“não tenho pátria, tenho mátria
e quero frátria”
Caetano Veloso
Em 1965, Elsa Morante profere a conferência Pró ou contra a bomba atômica 3 vezes, em Turim, Milão e Roma, depois a publica na Europa Letteraria em abril daquele ano e, só em 1984, em Linha de sombra. Na conferência, traduzida e prefaciada no Brasil por Davi Pessoa e publicada em 2017 [Editora Ayiné], ela indica o “sistema de desintegração” em que vivemos diante das ameaças constantes do capital e a da era atômica; agora, isso se implicaria sobre a era tecnológica da IA afásica que relega todo e qualquer caráter entre carne e sangue ao jogo da ineficácia, ou seja, imprestável ao dinheiro. Ao mesmo tempo, Elsa chama atenção à tarefa política do escritor, da escritura, frente a esse tempo, e difere severamente as atribuições do poeta das do literato, porque este último sempre se volta à banalidade do “mercado editorial” e seus aparatos de conluio e glória, nada diferente das relações, por exemplo, entre Gabriele d’Annunzio e Benito Mussolini: favores e bajulação, ou seja, ampliação porosa do fascismo.
O que Elsa Morante projeta é pensar em que momento o papel da poesia ainda é ao contrário, e contrária, ao sistema expandido de desintegração em que vivemos. A resposta aberta que encontra, e que apresenta também como pergunta, é: NENHUM. E desenha, com extrema radicalidade, uma aposição entre Eros e Tânatos, outra vez, para nos lembrar que sem Eros, seducere, sobra-nos o ilusionismo do segundo que nos desvia, fatalmente, do real, nos deixando apenas a narcísica “evasão de si mesmos”: alienação e intimidade, regressão ínfima e angustiante, tráficos oficiais e mercado fúnebre, luta das imagens sem luta de classes etc. E sem perder de vista que o que gira e engendra uma teoria da imaginação contra esse “sucesso” glorioso é a realidade, daí que o exemplo que dá é Miklós Radnóti: poeta húngaro, muito jovem, morto no Lager, golpe na nuca, antes obrigado a cavar a própria cova, existência reduzida ao horror espectral, “um caderno, uma lanterna, tudo me foi tirado pelos guardas do campo, escrevo versos no escuro” e “agora a morte é uma flor de paciência”. Elsa diz, com força e boniteza, que Radnóti deixa “milagrosamente, a prova de que mesmo dentro daquela máquina perfeita de desintegração, que o aniquilava fisicamente, sua consciência real permanecia íntegra”.

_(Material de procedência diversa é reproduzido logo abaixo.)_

(* There exist an absolute constant $c>0$ and a function $N(d,\varepsilon)=\tilde\Theta(\sqrt d/\varepsilon)$ such that for every $d\in\mathbb N$, every $\varepsilon\in(0,1]$, every $n\le N(d,\varepsilon)$, and all $\eta\ge1$, $\alpha\in[0,1]$ with $\eta\alpha<1/2$, there is no $(\varepsilon,\delta)$-DP mechanism with $\delta\le c/n$ for $\textsc{1-Way-Marginals}(n,d)$ that is $(\eta,\alpha,1/75)$-accurate. In particular, no such mechanism is $(\eta,\alpha)$-accurate.
   Context: $\textsc{1-Way-Marginals}(n,d)$: on a private $Y\in\{0,1\}^{n\times d}$ output estimates $a_j$ of $\frac1n\sum_iY_{i,j}$, $j\in[d]$; neighboring inputs differ in a single row. A mechanism $\mathcal M$ is $(\varepsilon,\delta)$-DP if $\Pr[\mathcal M(Y)\in S]\le e^\varepsilon\Pr[\mathcal M(Y')\in S]+\delta$ for all neighbors $Y,Y'$ and all $S$. An output is $(\eta,\alpha,\beta)$-accurate for $Y$ if $\frac1\eta\cdot\frac1n\sum_iY_{i,j}-\alpha\le a_j\le\eta\cdot\frac1n\sum_iY_{i,j}+\alpha$ for at least a $(1-\beta)$ fraction of columns $j$; $(\eta,\alpha)$-accurate means $(\eta,\alpha,0)$-accurate. A mechanism is $(\eta,\alpha,\beta)$-accurate if for every $Y$ its output is $(\eta,\alpha,\beta)$-accurate with probability at least $2/3$. $\tilde\Theta$ hides polylogarithmic factors in $d$. *)

theory Defs
  imports "HOL-Probability.Probability"
begin

text \<open>A dataset Y in {0,1}^(n x d) is represented as a function nat => nat => bool
  which is False outside the index range [0,n) x [0,d).\<close>
definition datasets :: "nat \<Rightarrow> nat \<Rightarrow> (nat \<Rightarrow> nat \<Rightarrow> bool) set" where
  "datasets n d = {Y. \<forall>i j. (n \<le> i \<or> d \<le> j) \<longrightarrow> \<not> Y i j}"

definition neighbors :: "nat \<Rightarrow> nat \<Rightarrow> (nat \<Rightarrow> nat \<Rightarrow> bool) \<Rightarrow> (nat \<Rightarrow> nat \<Rightarrow> bool) \<Rightarrow> bool" where
  "neighbors n d Y Y' \<longleftrightarrow> Y \<in> datasets n d \<and> Y' \<in> datasets n d \<and>
     (\<exists>i<n. \<forall>i'. i' \<noteq> i \<longrightarrow> (\<forall>j. Y i' j = Y' i' j))"

definition out_space :: "nat \<Rightarrow> (nat \<Rightarrow> real) measure" where
  "out_space d = PiM {..<d} (\<lambda>_. borel)"

definition is_mechanism :: "nat \<Rightarrow> nat \<Rightarrow> ((nat \<Rightarrow> nat \<Rightarrow> bool) \<Rightarrow> (nat \<Rightarrow> real) measure) \<Rightarrow> bool" where
  "is_mechanism n d M \<longleftrightarrow> (\<forall>Y\<in>datasets n d. prob_space (M Y) \<and> sets (M Y) = sets (out_space d))"

definition differentially_private ::
  "nat \<Rightarrow> nat \<Rightarrow> real \<Rightarrow> real \<Rightarrow> ((nat \<Rightarrow> nat \<Rightarrow> bool) \<Rightarrow> (nat \<Rightarrow> real) measure) \<Rightarrow> bool" where
  "differentially_private n d \<epsilon> \<delta> M \<longleftrightarrow>
     (\<forall>Y Y'. neighbors n d Y Y' \<longrightarrow>
        (\<forall>S\<in>sets (out_space d). measure (M Y) S \<le> exp \<epsilon> * measure (M Y') S + \<delta>))"

definition col_mean :: "nat \<Rightarrow> (nat \<Rightarrow> nat \<Rightarrow> bool) \<Rightarrow> nat \<Rightarrow> real" where
  "col_mean n Y j = (1 / real n) * (\<Sum>i<n. if Y i j then 1 else 0)"

definition output_accurate ::
  "nat \<Rightarrow> nat \<Rightarrow> real \<Rightarrow> real \<Rightarrow> real \<Rightarrow> (nat \<Rightarrow> nat \<Rightarrow> bool) \<Rightarrow> (nat \<Rightarrow> real) \<Rightarrow> bool" where
  "output_accurate n d \<eta> \<alpha> \<beta> Y a \<longleftrightarrow>
     real (card {j\<in>{..<d}. (1/\<eta>) * col_mean n Y j - \<alpha> \<le> a j \<and> a j \<le> \<eta> * col_mean n Y j + \<alpha>})
       \<ge> (1 - \<beta>) * real d"

definition mechanism_accurate ::
  "nat \<Rightarrow> nat \<Rightarrow> real \<Rightarrow> real \<Rightarrow> real \<Rightarrow> ((nat \<Rightarrow> nat \<Rightarrow> bool) \<Rightarrow> (nat \<Rightarrow> real) measure) \<Rightarrow> bool" where
  "mechanism_accurate n d \<eta> \<alpha> \<beta> M \<longleftrightarrow>
     (\<forall>Y\<in>datasets n d.
        measure (M Y) {a \<in> space (M Y). output_accurate n d \<eta> \<alpha> \<beta> Y a} \<ge> 2/3)"

end

theory Submission
  imports Defs
begin

text \<open>Rounding the output of an accurate mechanism at \<open>\<alpha>\<close> gives a private estimator of a bit
  vector \<open>u \<in> {0,1}\<^sup>d\<close> that on average gets at most \<open>26/75 \<cdot> d\<close> of the constant columns wrong.
  Repeating every row \<open>m \<approx> 1/\<epsilon>\<close> times and using group privacy, we may assume \<open>\<epsilon> \<approx> 1\<close> at the
  cost of replacing \<open>n\<close> by \<open>\<lceil>n/m\<rceil> \<approx> n \<epsilon>\<close>.

  Now draw the data from a prior: column \<open>j\<close> gets a level \<open>k \<in> {0..K}\<close>, \<open>K = 10 n\<close>, and \<open>n\<close>
  independent bits of bias \<open>3 t\<^sup>2 - 2 t\<^sup>3\<close> at \<open>t = k/K\<close>.  Correlate the output with the increments
  of the likelihood-ratio martingale that moves every level up by one.  Summed over the rows the
  increments telescope, and the correlation becomes the discrete derivative in \<open>k\<close> of the
  probability of reporting \<open>1\<close>; as the estimator has to follow the constant columns at \<open>k = 0\<close>
  and \<open>k = K\<close>, the total is of order \<open>d/K\<close>.  On the other hand, once row \<open>i\<close> is erased the
  output is uncorrelated with the \<open>i\<close>-th increments, so privacy, together with a second-moment
  bound on the increments, limits the share of row \<open>i\<close> to \<open>O((\<epsilon> \<surd>d + \<delta> d + 1)/K)\<close>.  Comparing
  the two bounds gives \<open>n \<epsilon> = \<Omega>(\<surd>d)\<close>.\<close>

lemma sum_PiE_remove_coord:
  assumes "finite J" "j \<in> J"
  shows "(\<Sum>\<omega>\<in>PiE J S. F \<omega>) = (\<Sum>\<rho>\<in>PiE (J - {j}) S. \<Sum>s\<in>S j. F (\<rho>(j := s)))"
proof -
  have "(\<Sum>\<omega>\<in>PiE J S. F \<omega>) = (\<Sum>\<omega>\<in>PiE (insert j (J - {j})) S. F \<omega>)"
    using assms by (simp add: insert_absorb)
  also have "\<dots> = (\<Sum>\<omega>\<in>(\<lambda>(y, g). g(j := y)) ` (S j \<times> PiE (J - {j}) S). F \<omega>)"
    by (simp only: PiE_insert_eq)
  also have "\<dots> = (\<Sum>z\<in>S j \<times> PiE (J - {j}) S. F ((\<lambda>(y, g). g(j := y)) z))"
    by (rule sum.reindex[unfolded comp_def]) (rule inj_combinator, simp)
  also have "\<dots> = (\<Sum>s\<in>S j. \<Sum>\<rho>\<in>PiE (J - {j}) S. F (\<rho>(j := s)))"
    by (simp add: sum.cartesian_product case_prod_unfold)
  also have "\<dots> = (\<Sum>\<rho>\<in>PiE (J - {j}) S. \<Sum>s\<in>S j. F (\<rho>(j := s)))"
    by (rule sum.swap)
  finally show ?thesis .
qed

Não há muita diferença entre a estrutura dos Lager e a estrutura da cidade moderna-contemporânea: a voracidade onívora e indômita do capital, além de bélica, é inesgotável e assassina; o real desaparece e o que escapa torna-se imediatamente a regra para uma existência mímica pactuada com tudo o que a ilusão do dinheiro oferece. É o contraponto do contraponto até o contraponto, infinitamente, mover-se entre um nem sim nem não, desejar o desejo, espaços e tempos desejantes, abertos, livres, caminhar, caminhar mais. A primeira parte do primeiro livro de poemas de Laís Romero, Mátria [Editora Paraquedas], vontade de frátria, filos, se chama exatamente desejo. E assim, tão logo, anota: “tateio a língua”, “tateio o lábio” e “o solo irrigado / o reverso, o sumo / verde-escuro / plantação”. Nascida em Teresina, no Piauí, em 1986, arrisca o poema com imagens de força e sem compaixão alguma à língua, aos jogos de azar da vida e do mundo e modulando um desafio à toda e qualquer lógica imposta entre cultura e memória fixas; algo muito prenhe a partir de “persistência”, “assisto” e “escrevo” como “metáfora abissal”.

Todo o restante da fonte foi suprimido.